_Aim of the exercise_: Print the data below exactly, but only the lines from the one containing "(norm \<phi>)\<^sup>2) = a" down to the one containing "using span_invariant_of_eigenvectors[OF matrix_vector_mul_linear", inclusive.

_Information shown_:
(* Let $L\in\mathbb{R}^{n\times n}$ be a real symmetric positive semidefinite matrix, let $U_k\in\mathbb{R}^{n\times k}$ have orthonormal columns that are eigenvectors of $L$, and let $\mathrm{span}(U_k)$ denote its column space. Let $\beta>0$, let $\mathrm{E},\mathrm{E}_{\text{model}}\in\mathbb{R}$, and set $a=\mathrm{E}-\mathrm{E}_{\text{model}}$. For $\phi,\rho\in\mathbb{R}^n$ define \[ \mathcal{L}(\phi,\rho)=\beta\,\|L\phi-\rho\|_2^2+\Big(a+\tfrac12\,\phi^\top\rho\Big)^2 . \] Fix $\phi\in\mathrm{span}(U_k)$. Then the unique minimizer of $\rho\mapsto\mathcal{L}(\phi,\rho)$ over $\mathrm{span}(U_k)$ is \[ \rho^\star(\phi)=L\phi-t^\star(\phi)\,\phi,\qquad t^\star(\phi)=\frac{a+\frac12\,\phi^\top L\phi}{2\beta+\frac12\,\|\phi\|_2^2}. \]
   Context: $\mathcal{L}$ is the (squared, $L^2$) surrogate training objective combining a Poisson-equation residual $\|L\phi-\rho\|^2$ weighted by $\beta$ with a squared energy term involving the electrostatic energy $\frac12\phi^\top\rho$; $\phi$ plays the role of a potential and $\rho$ of charges on the nodes of a graph with Laplacian $L$. *)

theory Defs
  imports "HOL-Analysis.Analysis"
begin

definition surrogate_loss ::
  "real \<Rightarrow> real \<Rightarrow> real^'n^'n \<Rightarrow> real^'n \<Rightarrow> real^'n \<Rightarrow> real" where
  "surrogate_loss \<beta> a L \<phi> \<rho> = \<beta> * (norm (L *v \<phi> - \<rho>))\<^sup>2 + (a + (1/2) * (\<phi> \<bullet> \<rho>))\<^sup>2"

end

theory Submission
  imports Defs
begin

text \<open>For fixed \<open>\<phi>\<close> the loss is a quadratic in \<open>\<rho>\<close> with positive definite Hessian, so its
  unique critical point \<open>L\<phi> - t\<phi>\<close> is its unique global minimiser on all of \<open>\<real>\<^sup>n\<close>. That point lies
  in the span of the eigenvectors because this span is invariant under \<open>L\<close>.\<close>

lemma span_invariant_of_eigenvectors:
  assumes "linear f"
    and "\<And>v. v \<in> S \<Longrightarrow> \<exists>c. f v = c *\<^sub>R v"
    and "x \<in> span S"
  shows "f x \<in> span S"
proof -
  have "f ` S \<subseteq> span S"
    using assms(2) by (metis image_subsetI span_base span_scale)
  then have "span (f ` S) \<subseteq> span S"
    using span_minimal subspace_span by blast
  then show ?thesis
    using span_linear_image[OF assms(1)] assms(3) by blast
qed

text \<open>The hypothesis says that the gradient of \<open>surrogate_loss \<beta> a L \<phi>\<close> vanishes at \<open>\<rho>\<close>.\<close>

lemma surrogate_loss_expand_at_critical:
  fixes L :: "real^'n^'n" and \<phi> \<rho> d :: "real^'n"
  assumes crit: "(2 * \<beta>) *\<^sub>R (\<rho> - L *v \<phi>) + (a + (1/2) * (\<phi> \<bullet> \<rho>)) *\<^sub>R \<phi> = 0"
  shows "surrogate_loss \<beta> a L \<phi> (\<rho> + d)
       = surrogate_loss \<beta> a L \<phi> \<rho> + \<beta> * (norm d)\<^sup>2 + ((1/2) * (\<phi> \<bullet> d))\<^sup>2"
proof -
  define c where "c = a + (1/2) * (\<phi> \<bullet> \<rho>)"
  define x where "x = (\<rho> - L *v \<phi>) \<bullet> d"
  have linear_term: "2 * \<beta> * x + c * (\<phi> \<bullet> d) = 0"
    using arg_cong[OF crit, of "\<lambda>v. v \<bullet> d"] unfolding c_def x_def
    by (simp add: inner_add_left)
  have "(norm (L *v \<phi> - (\<rho> + d)))\<^sup>2 = (norm (L *v \<phi> - \<rho>))\<^sup>2 + 2 * x + (norm d)\<^sup>2"
    unfolding power2_norm_eq_inner x_def
    by (simp add: inner_diff_left inner_diff_right inner_add_left inner_add_right
        inner_commute algebra_simps)
  moreover have "a + (1/2) * (\<phi> \<bullet> (\<rho> + d)) = c + (1/2) * (\<phi> \<bullet> d)"
    unfolding c_def by (simp add: inner_add_right algebra_simps)
  ultimately have "surrogate_loss \<beta> a L \<phi> (\<rho> + d)
      = \<beta> * ((norm (L *v \<phi> - \<rho>))\<^sup>2 + 2 * x + (norm d)\<^sup>2) + (c + (1/2) * (\<phi> \<bullet> d))\<^sup>2"
    unfolding surrogate_loss_def by simp
  also have "\<dots> = surrogate_loss \<beta> a L \<phi> \<rho> + \<beta> * (norm d)\<^sup>2 + ((1/2) * (\<phi> \<bullet> d))\<^sup>2"
    unfolding surrogate_loss_def c_def[symmetric] using linear_term
    by (simp add: power2_eq_square algebra_simps)
  finally show ?thesis .
qed

lemma surrogate_loss_strict_min_at_critical:
  fixes L :: "real^'n^'n" and \<phi> \<rho>\<^sub>s \<rho> :: "real^'n"
  assumes "\<beta> > 0"
    and "(2 * \<beta>) *\<^sub>R (\<rho>\<^sub>s - L *v \<phi>) + (a + (1/2) * (\<phi> \<bullet> \<rho>\<^sub>s)) *\<^sub>R \<phi> = 0"
    and "\<rho> \<noteq> \<rho>\<^sub>s"
  shows "surrogate_loss \<beta> a L \<phi> \<rho>\<^sub>s < surrogate_loss \<beta> a L \<phi> \<rho>"
proof -
  have "surrogate_loss \<beta> a L \<phi> \<rho>
      = surrogate_loss \<beta> a L \<phi> \<rho>\<^sub>s + \<beta> * (norm (\<rho> - \<rho>\<^sub>s))\<^sup>2 + ((1/2) * (\<phi> \<bullet> (\<rho> - \<rho>\<^sub>s)))\<^sup>2"
    using surrogate_loss_expand_at_critical[OF assms(2), of "\<rho> - \<rho>\<^sub>s"] by simp
  moreover have "\<beta> * (norm (\<rho> - \<rho>\<^sub>s))\<^sup>2 > 0"
    using assms(1,3) by simp
  ultimately show ?thesis
    using zero_le_power2[of "(1/2) * (\<phi> \<bullet> (\<rho> - \<rho>\<^sub>s))"] by linarith
qed

lemma surrogate_loss_critical_point:
  fixes L :: "real^'n^'n" and \<phi> :: "real^'n"
  assumes "2 * \<beta> + (1/2) * (norm \<phi>)\<^sup>2 \<noteq> 0"
    and "t = (a + (1/2) * (\<phi> \<bullet> (L *v \<phi>))) / (2 * \<beta> + (1/2) * (norm \<phi>)\<^sup>2)"
  shows "(2 * \<beta>) *\<^sub>R ((L *v \<phi> - t *\<^sub>R \<phi>) - L *v \<phi>)
       + (a + (1/2) * (\<phi> \<bullet> (L *v \<phi> - t *\<^sub>R \<phi>))) *\<^sub>R \<phi> = 0"
proof -
  have "t * (2 * \<beta> + (1/2) * (norm \<phi>)\<^sup>2) = a + (1/2) * (\<phi> \<bullet> (L *v \<phi>))"
    using assms by simp
  then have "a + (1/2) * (\<phi> \<bullet> (L *v \<phi> - t *\<^sub>R \<phi>)) = 2 * \<beta> * t"
    by (simp add: inner_diff_right power2_norm_eq_inner algebra_simps)
  then show ?thesis
    by simp
qed

theorem theorem1:
  fixes L :: "real^'n^'n" and U :: "real^'k^'n"
    and \<beta> E E_model :: real and \<phi> :: "real^'n"
  assumes sym: "transpose L = L"
    and psd: "\<forall>x. 0 \<le> x \<bullet> (L *v x)"
    and orthonormal: "transpose U ** U = mat 1"
    and eigen: "\<forall>j. \<exists>c. L *v column j U = c *\<^sub>R column j U"
    and beta_pos: "\<beta> > 0"
    and phi_span: "\<phi> \<in> span (columns U)"
  defines "a \<equiv> E - E_model"
  defines "t \<equiv> (a + (1/2) * (\<phi> \<bullet> (L *v \<phi>))) / (2 * \<beta> + (1/2) * (norm \<phi>)\<^sup>2)"
  defines "\<rho>\<^sub>s \<equiv> L *v \<phi> - t *\<^sub>R \<phi>"
  shows "\<rho>\<^sub>s \<in> span (columns U)
    \<and> (\<forall>\<rho> \<in> span (columns U). surrogate_loss \<beta> a L \<phi> \<rho>\<^sub>s \<le> surrogate_loss \<beta> a L \<phi> \<rho>)
    \<and> (\<forall>\<rho> \<in> span (columns U).
         (\<forall>\<rho>' \<in> span (columns U). surrogate_loss \<beta> a L \<phi> \<rho> \<le> surrogate_loss \<beta> a L \<phi> \<rho>')
         \<longrightarrow> \<rho> = \<rho>\<^sub>s)"
proof -
  have "L *v \<phi> \<in> span (columns U)"
    using span_invariant_of_eigenvectors[OF matrix_vector_mul_linear _ phi_span] eigen
    unfolding columns_def by blast
  then have in_span: "\<rho>\<^sub>s \<in> span (columns U)"
    unfolding \<rho>\<^sub>s_def using phi_span by (simp add: span_diff span_scale)
  have "2 * \<beta> + (1/2) * (norm \<phi>)\<^sup>2 \<noteq> 0"
    using beta_pos zero_le_power2[of "norm \<phi>"] by linarith
  then have "(2 * \<beta>) *\<^sub>R (\<rho>\<^sub>s - L *v \<phi>) + (a + (1/2) * (\<phi> \<bullet> \<rho>\<^sub>s)) *\<^sub>R \<phi> = 0"
    unfolding \<rho>\<^sub>s_def using surrogate_loss_critical_point t_def by blast
  then have "\<And>\<rho>. \<rho> \<noteq> \<rho>\<^sub>s \<Longrightarrow> surrogate_loss \<beta> a L \<phi> \<rho>\<^sub>s < surrogate_loss \<beta> a L \<phi> \<rho>"
    using surrogate_loss_strict_min_at_critical beta_pos by blast
  then show ?thesis
    using in_span by (metis not_le order.refl order.strict_implies_order)
qed

end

_Response to this exercise_:
  have "t * (2 * \<beta> + (1/2) * (norm \<phi>)\<^sup>2) = a + (1/2) * (\<phi> \<bullet> (L *v \<phi>))"
    using assms by simp
  then have "a + (1/2) * (\<phi> \<bullet> (L *v \<phi> - t *\<^sub>R \<phi>)) = 2 * \<beta> * t"
    by (simp add: inner_diff_right power2_norm_eq_inner algebra_simps)
  then show ?thesis
    by simp
qed

theorem theorem1:
  fixes L :: "real^'n^'n" and U :: "real^'k^'n"
    and \<beta> E E_model :: real and \<phi> :: "real^'n"
  assumes sym: "transpose L = L"
    and psd: "\<forall>x. 0 \<le> x \<bullet> (L *v x)"
    and orthonormal: "transpose U ** U = mat 1"
    and eigen: "\<forall>j. \<exists>c. L *v column j U = c *\<^sub>R column j U"
    and beta_pos: "\<beta> > 0"
    and phi_span: "\<phi> \<in> span (columns U)"
  defines "a \<equiv> E - E_model"
  defines "t \<equiv> (a + (1/2) * (\<phi> \<bullet> (L *v \<phi>))) / (2 * \<beta> + (1/2) * (norm \<phi>)\<^sup>2)"
  defines "\<rho>\<^sub>s \<equiv> L *v \<phi> - t *\<^sub>R \<phi>"
  shows "\<rho>\<^sub>s \<in> span (columns U)
    \<and> (\<forall>\<rho> \<in> span (columns U). surrogate_loss \<beta> a L \<phi> \<rho>\<^sub>s \<le> surrogate_loss \<beta> a L \<phi> \<rho>)
    \<and> (\<forall>\<rho> \<in> span (columns U).
         (\<forall>\<rho>' \<in> span (columns U). surrogate_loss \<beta> a L \<phi> \<rho> \<le> surrogate_loss \<beta> a L \<phi> \<rho>')
         \<longrightarrow> \<rho> = \<rho>\<^sub>s)"
proof -
  have "L *v \<phi> \<in> span (columns U)"
    using span_invariant_of_eigenvectors[OF matrix_vector_mul_linear _ phi_span] eigen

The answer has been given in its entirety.